Photo: Jacques Grenier - Le Devoir Les vaches, rappelle l’essayiste végétalienne Élise Desaulniers, sont des êtres sensibles, capables d’affection.

À la faveur d’une montée en popularité du végétalisme, la consommation humaine de lait de vache se retrouve sur la sellette depuis quelques années. On l’accuse, en certains milieux, d’être toxique pour la santé et de contribuer à la souffrance animale. Les partisans du véganisme, ce « mode de vie qui cherche à exclure, autant que possible, toute forme d’exploitation et de cruauté envers les animaux, que ce soit pour se nourrir, s’habiller, ou pour tout autre but », sont les chefs de file de cette nouvelle croisade éthico-alimentaire.


L’essayiste Élise Desaulniers s’inscrit dans ce courant en affirmant que « lutter contre le carnisme devrait être vu comme une tâche aussi importante que lutter contre le racisme ou le sexisme ». Déjà auteure de Je mange avec ma tête (Stanké, 2011), un premier essai sur ces questions, elle publie cette année Vache à lait. Dix mythes de l’industrie laitière, un essai plus spécifiquement consacré à la face sombre de la célèbre boisson blanche. Sa charge contre le lait, puisqu’il s’agit bien d’une attaque, même si elle est formulée sans agressivité, se résume à trois thèses principales : la consommation de lait de vache est non nécessaire, voire toxique, pour la santé humaine, elle est nuisible à l’environnement et elle est non éthique puisqu’elle entraîne la souffrance animale.


Une vive controverse


La thèse selon laquelle le lait de vache pourrait nuire à la santé humaine est la plus faible de cet essai. Elle est actuellement l’objet d’une vive controverse. Dans son récent Échec au cancer. Guide des aliments protecteurs (PUL, 2013), la spécialiste en nutrition Lyse Genest la conteste avec force. Si elle reconnaît que le lait et la prostate ne font pas nécessairement bon ménage (une grande consommation de produits laitiers pourrait augmenter les risques de contracter un cancer de la prostate), Genest présente tout de même le lait comme « un aliment parfait » et comme « l’aliment le plus complet ». Elle fait même du lait et des produits laitiers « le principal groupe d’un régime alimentaire équilibré », notamment pour ce qui est de l’apport en calcium.


Desaulniers n’est pas d’accord. Elle rappelle, d’abord, que les humains n’ont pas toujours bu du lait de vache, que notre goût pour ce lait est plus culturel que naturel et que 75 % des humains n’en boivent pas (un chiffre contesté). Même si elle remet en question le lien entre la consommation de lait et la santé osseuse, elle reconnaît que nous avons besoin de calcium et de vitamine D, mais elle ajoute tout de suite qu’on peut trouver ces éléments ailleurs que dans le lait, en évitant les substances toxiques présentes dans ce dernier (hormones naturelles produites par les grossesses forcées des vaches, allergènes, gras saturés, pesticides et même une sorte de morphine). Le lait, suggère Desaulniers, serait lié à l’acné et à divers cancers.


Toxique, le lait?


Ce point de vue s’appuie sur certaines études scientifiques, mais semble surtout déterminé par l’idéologie véganiste.

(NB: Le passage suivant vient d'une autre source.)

(* Let $(M,d)$ be a complete pointed metric space and $f\in\mathrm{Lip}_0(M,M)$ such that $\mathrm{int}(R_{\widehat f})\neq\emptyset$, and assume there is $C>0$ with $\mathrm{Lip}(f^n)\le C$ for all $n\in\mathbb N$. Then $R_{\widehat f}=\mathcal F(M)$. Moreover, if $M$ is separable, then $\widehat f$ is a rigid operator.
   Context: A pointed metric space is a metric space with a distinguished point $0$. $\mathrm{Lip}_0(M,M)$ denotes the Lipschitz maps $f:M\to M$ with $f(0)=0$, $\mathrm{Lip}(f)$ the least Lipschitz constant; $\mathrm{Lip}_0(M)$ the real-valued Lipschitz functions vanishing at $0$ normed by $\mathrm{Lip}$. $\delta:M\to\mathrm{Lip}_0(M)^*$, $\delta(x)(\varphi)=\varphi(x)$; $\mathcal F(M)$ is the norm-closed linear span of $\delta(M)$. $\widehat f$ is the unique bounded linear operator on $\mathcal F(M)$ with $\widehat f(\delta(x))=\delta(f(x))$. For an operator $T$, $R_T=\{\mu:\liminf_{n}\|T^n\mu-\mu\|=0\}$. A bounded linear operator $T$ on a Banach space $X$ is rigid if there is an increasing sequence $(n(j))_j\subset\mathbb N$ with $T^{n(j)}x\to x$ for every $x\in X$. *)

theory Defs
  imports "HOL-Analysis.Analysis"
begin

definition Lip :: "('a::metric_space \<Rightarrow> 'b::metric_space) \<Rightarrow> real" where
  "Lip f = Inf {C. C-lipschitz_on UNIV f}"

definition Lip0 :: "'a::metric_space \<Rightarrow> ('a \<Rightarrow> real) set" where
  "Lip0 z = {\<phi>. \<phi> z = 0 \<and> (\<exists>C. C-lipschitz_on UNIV \<phi>)}"

definition LipMaps0 :: "'a::metric_space \<Rightarrow> ('a \<Rightarrow> 'a) set" where
  "LipMaps0 z = {f. f z = z \<and> (\<exists>C. C-lipschitz_on UNIV f)}"

text \<open>The dual Lip_0(M)^*: functionals on Lip_0(M) which are linear and bounded.
  They are represented as functions on all of 'a => real which vanish outside Lip_0(M).\<close>
definition LipDual :: "'a::metric_space \<Rightarrow> (('a \<Rightarrow> real) \<Rightarrow> real) set" where
  "LipDual z = {\<mu>. (\<forall>\<phi>. \<phi> \<notin> Lip0 z \<longrightarrow> \<mu> \<phi> = 0)
      \<and> (\<forall>\<phi>\<in>Lip0 z. \<forall>\<psi>\<in>Lip0 z. \<forall>a b. \<mu> (\<lambda>x. a * \<phi> x + b * \<psi> x) = a * \<mu> \<phi> + b * \<mu> \<psi>)
      \<and> (\<exists>K. \<forall>\<phi>\<in>Lip0 z. \<bar>\<mu> \<phi>\<bar> \<le> K * Lip \<phi>)}"

definition dnorm :: "'a::metric_space \<Rightarrow> (('a \<Rightarrow> real) \<Rightarrow> real) \<Rightarrow> real" where
  "dnorm z \<mu> = Sup {\<bar>\<mu> \<phi>\<bar> | \<phi>. \<phi> \<in> Lip0 z \<and> Lip \<phi> \<le> 1}"

definition delta :: "'a::metric_space \<Rightarrow> 'a \<Rightarrow> (('a \<Rightarrow> real) \<Rightarrow> real)" where
  "delta z x = (\<lambda>\<phi>. if \<phi> \<in> Lip0 z then \<phi> x else 0)"

definition delta_span :: "'a::metric_space \<Rightarrow> (('a \<Rightarrow> real) \<Rightarrow> real) set" where
  "delta_span z = {(\<lambda>\<phi>. \<Sum>x\<in>A. c x * delta z x \<phi>) | A c. finite A}"

definition FreeSp :: "'a::metric_space \<Rightarrow> (('a \<Rightarrow> real) \<Rightarrow> real) set" where
  "FreeSp z = {\<mu> \<in> LipDual z. \<forall>e>0. \<exists>\<nu>\<in>delta_span z. dnorm z (\<mu> - \<nu>) < e}"

definition bounded_op_F :: "'a::metric_space \<Rightarrow>
    ((('a \<Rightarrow> real) \<Rightarrow> real) \<Rightarrow> (('a \<Rightarrow> real) \<Rightarrow> real)) \<Rightarrow> bool" where
  "bounded_op_F z T \<longleftrightarrow> (\<forall>\<mu>\<in>FreeSp z. T \<mu> \<in> FreeSp z)
     \<and> (\<forall>\<mu>\<in>FreeSp z. \<forall>\<nu>\<in>FreeSp z. \<forall>a b.
          T (\<lambda>\<phi>. a * \<mu> \<phi> + b * \<nu> \<phi>) = (\<lambda>\<phi>. a * T \<mu> \<phi> + b * T \<nu> \<phi>))
     \<and> (\<exists>K. \<forall>\<mu>\<in>FreeSp z. dnorm z (T \<mu>) \<le> K * dnorm z \<mu>)
     \<and> (\<forall>\<mu>. \<mu> \<notin> FreeSp z \<longrightarrow> T \<mu> = (\<lambda>_. 0))"

definition fhat :: "'a::metric_space \<Rightarrow> ('a \<Rightarrow> 'a) \<Rightarrow>
    (('a \<Rightarrow> real) \<Rightarrow> real) \<Rightarrow> (('a \<Rightarrow> real) \<Rightarrow> real)" where
  "fhat z f = (THE T. bounded_op_F z T \<and> (\<forall>x. T (delta z x) = delta z (f x)))"

definition RT :: "'a::metric_space \<Rightarrow>
    ((('a \<Rightarrow> real) \<Rightarrow> real) \<Rightarrow> (('a \<Rightarrow> real) \<Rightarrow> real)) \<Rightarrow> (('a \<Rightarrow> real) \<Rightarrow> real) set" where
  "RT z T = {\<mu> \<in> FreeSp z. liminf (\<lambda>n. ereal (dnorm z ((T ^^ n) \<mu> - \<mu>))) = 0}"

definition F_interior :: "'a::metric_space \<Rightarrow> (('a \<Rightarrow> real) \<Rightarrow> real) set \<Rightarrow> (('a \<Rightarrow> real) \<Rightarrow> real) set" where
  "F_interior z S = {\<mu> \<in> FreeSp z. \<exists>e>0. \<forall>\<nu>\<in>FreeSp z. dnorm z (\<nu> - \<mu>) < e \<longrightarrow> \<nu> \<in> S}"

Dans les milieux scientifiques non ouvertement militants, il est réfuté. Dans leur récent ouvrage Les carottes rendent-elles aimables ? (Le livre de poche, 2013), les nutritionnistes français Anne-Marie Adine et Jean-Paul Blanc affirment que le lien établi entre le lait et certains cancers est « une idée fausse véhiculée par quelques gourous pseudo-scientifiques, voire dangereuse, et particulièrement importante à battre en brèche. […] On ne peut en aucun cas mettre en accusation le lait et les produits laitiers en termes de risque de cancer. »


Le médecin et biochimiste français Jean-Marie Bourre, auteur de Le lait. Vrais et faux dangers (Odile Jacob, 2010), réduit le discours sur les dangers du lait à des « affabulations » et affirme qu’« il est beaucoup plus dangereux pour la santé de supprimer les produits laitiers que d’en consommer ». Mentionnons au passage que, dans les milieux véganistes, Bourre passe pour un antéchrist et est accusé de tous les torts. Desaulniers, au sujet de l’autorité des spécialistes, note qu’il est sain d’entretenir un doute quant aux études (et aux guides alimentaires nationaux) qui vantent les vertus du lait, étant donné que leurs auteurs, c’est un fait, sont souvent financés par l’industrie laitière. On peut au moins conclure, pour le moment, que si les vertus du lait pour la santé humaine sont avérées, la preuve de sa toxicité reste à faire.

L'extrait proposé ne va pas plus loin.